For complex queries on a real-world corpus, however, that assumption breaks. On the searches I’ve discussed here, often FTS and semantic return completely different lists, so RRF struggles to find the commonality between them. If the correct result is the fourth item in the FTS list, for example, it gets pushed out of the hybrid top-5 if RRF interleaves the results. Oftentimes, semantic search is much less competent than FTS, but because RRF treats them equally, the crappy results get ranked alongside the good ones.

It’s important to note that this is not a bug. RRF is working correctly. I’ve just broken its assumption, so I’d expect that performance is pretty poor in an absolute sense. And that’s exactly what the queries show.

Conclusions

On a curated corpus like MTEB, hybrid search does well because it’s optimized for the demo case. Queries are standardized. Results are known. That’s what makes it a useful benchmark.

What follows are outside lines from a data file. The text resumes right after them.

(* For any $s\in\mathbb{R}$ and all $f\in H^s(\mathbb{R})$, $g\in H^{s-1}(\mathbb{R})$, \begin{align*} \|\eta(t)W_R^t(f,g)\|_{L^\infty_xH_t^{\frac{2s+1}{4}}}&\lesssim\|f\|_{H^s_x}+\|g\|_{H^{s-1}_x},\\ \|\eta(t)\,\partial_x[W_R^t(f,g)]\|_{L^\infty_xH_t^{\frac{2s-1}{4}}}&\lesssim\|f\|_{H^s_x}+\|g\|_{H^{s-1}_x}, \end{align*} with implicit constants independent of $f,g$.
   Context: $W_{R,1}^t$ and $W_{R,2}^t$ are the spatial Fourier multiplier operators with symbols $\operatorname{Re}e^{it\sqrt{\xi^2+\xi^4}}$ and $\operatorname{Im}e^{it\sqrt{\xi^2+\xi^4}}(\xi^2+\xi^4)^{-1/2}$ respectively, and $W_R^t(f,g)=W_{R,1}^tf+W_{R,2}^tg_x$ (the solution on $\mathbb{R}$ of $w_{tt}-w_{xx}+w_{xxxx}=0$ with $w(x,0)=f$, $w_t(x,0)=g_x$). $\eta\in C^\infty(\mathbb{R})$ satisfies $\eta=1$ on $[-1,1]$ and $\operatorname{supp}\eta\subset[-2,2]$. $a\lesssim b$ means $a\le Cb$ for an absolute constant $C$. *)

theory Defs
  imports "HOL-Analysis.Analysis"
begin

text \<open>Fourier transform: hat f xi = integral of f x * exp(-i x xi) dx,
  inverse: f x = (1/(2 pi)) integral of exp(i x xi) * hat f xi dxi.
  A (tempered) distribution f in H^s(R) is represented by its Fourier transform
  fh :: real => complex, a Borel function with
  norm_H^s f = ( integral (1+xi^2)^s |fh xi|^2 dxi )^(1/2) finite.\<close>

definition smooth_real :: "(real \<Rightarrow> real) \<Rightarrow> bool" where
  "smooth_real h \<longleftrightarrow> (\<forall>n x. (deriv ^^ n) h differentiable (at x))"

definition is_cutoff :: "(real \<Rightarrow> real) \<Rightarrow> bool" where
  "is_cutoff \<eta> \<longleftrightarrow> smooth_real \<eta> \<and> (\<forall>t\<in>{-1..1}. \<eta> t = 1)
      \<and> (\<forall>t. \<eta> t \<noteq> 0 \<longrightarrow> t \<in> {-2..2})"

definition Hs_sq :: "real \<Rightarrow> (real \<Rightarrow> complex) \<Rightarrow> ennreal" where
  "Hs_sq s fh = (\<integral>\<^sup>+ \<xi>. ennreal ((1 + \<xi>\<^sup>2) powr s * (cmod (fh \<xi>))\<^sup>2) \<partial>lborel)"

definition in_Hs :: "real \<Rightarrow> (real \<Rightarrow> complex) \<Rightarrow> bool" where
  "in_Hs s fh \<longleftrightarrow> fh \<in> borel_measurable lborel \<and> Hs_sq s fh < \<infinity>"

definition Hs_norm :: "real \<Rightarrow> (real \<Rightarrow> complex) \<Rightarrow> real" where
  "Hs_norm s fh = sqrt (enn2real (Hs_sq s fh))"

definition omega :: "real \<Rightarrow> real" where
  "omega \<xi> = sqrt (\<xi>\<^sup>2 + \<xi>^4)"

definition sym1 :: "real \<Rightarrow> real \<Rightarrow> real" where
  "sym1 t \<xi> = Re (exp (\<i> * complex_of_real (t * omega \<xi>)))"

definition sym2 :: "real \<Rightarrow> real \<Rightarrow> real" where
  "sym2 t \<xi> = Im (exp (\<i> * complex_of_real (t * omega \<xi>))) * (\<xi>\<^sup>2 + \<xi>^4) powr (-1/2)"

text \<open>Spatial Fourier transform of W_R^t(f,g) = W_{R,1}^t f + W_{R,2}^t g_x at frequency xi.\<close>
definition WR_hat :: "(real \<Rightarrow> complex) \<Rightarrow> (real \<Rightarrow> complex) \<Rightarrow> real \<Rightarrow> real \<Rightarrow> complex" where
  "WR_hat fh gh t \<xi> = complex_of_real (sym1 t \<xi>) * fh \<xi>
      + complex_of_real (sym2 t \<xi>) * (\<i> * complex_of_real \<xi> * gh \<xi>)"

text \<open>Temporal Fourier transform (variable tau) of the function
  t |-> eta(t) * (inverse spatial Fourier transform of (mlt xi) * WR_hat fh gh t xi)(x),
  with the t-integral taken inside the xi-integral (Fubini).  mlt = 1 gives eta W_R^t(f,g),
  mlt xi = i xi gives eta d_x W_R^t(f,g).\<close>
definition time_FT :: "(real \<Rightarrow> real) \<Rightarrow> (real \<Rightarrow> complex) \<Rightarrow> (real \<Rightarrow> complex)
      \<Rightarrow> (real \<Rightarrow> complex) \<Rightarrow> real \<Rightarrow> real \<Rightarrow> complex" where
  "time_FT \<eta> mlt fh gh x \<tau> =
     complex_of_real (1 / (2 * pi)) *
     (\<integral>\<xi>. exp (\<i> * complex_of_real (x * \<xi>)) * mlt \<xi> *
        (\<integral>t. complex_of_real (\<eta> t) * WR_hat fh gh t \<xi> * exp (- \<i> * complex_of_real (t * \<tau>)) \<partial>lborel)
      \<partial>lborel)"

definition time_Hs_sq :: "real \<Rightarrow> (real \<Rightarrow> real) \<Rightarrow> (real \<Rightarrow> complex) \<Rightarrow> (real \<Rightarrow> complex)
      \<Rightarrow> (real \<Rightarrow> complex) \<Rightarrow> real \<Rightarrow> ennreal" where
  "time_Hs_sq r \<eta> mlt fh gh x =
     (\<integral>\<^sup>+ \<tau>. ennreal ((1 + \<tau>\<^sup>2) powr r * (cmod (time_FT \<eta> mlt fh gh x \<tau>))\<^sup>2) \<partial>lborel)"

end

theory Submission
  imports Defs
begin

On a real world corpus, however, hybrid search is the worst of both worlds. In the example above, one search mode or the other dominates. Usually, that’s FTS, but there is one example where semantic search does all the lifting. The hybrid results, which rely on RRF to merge results from both search modes, are dragged down by the underperforming mode.

These results illustrate that the correct search mode depends on the underlying corpus and the query itself. The default search mode for a given corpus should be selected based on testing and empirical data, not hype, trends, or even best practices. My personal corpus, the one that was used in this testing, is highly heterogeneous. More homogenous corpora may benefit more from semantic or even hybrid searching.

On a personal note, this was a fun and successful project that I put together in less than a week, thanks to Claude Code. Model vendors will continue to change — I’d be surprised if I don’t switch from Claude to some other model within the next year or so. The conversations where I worked out my best ideas don’t change and shouldn’t have to. Convex allows me to continue to access them even after changing vendors.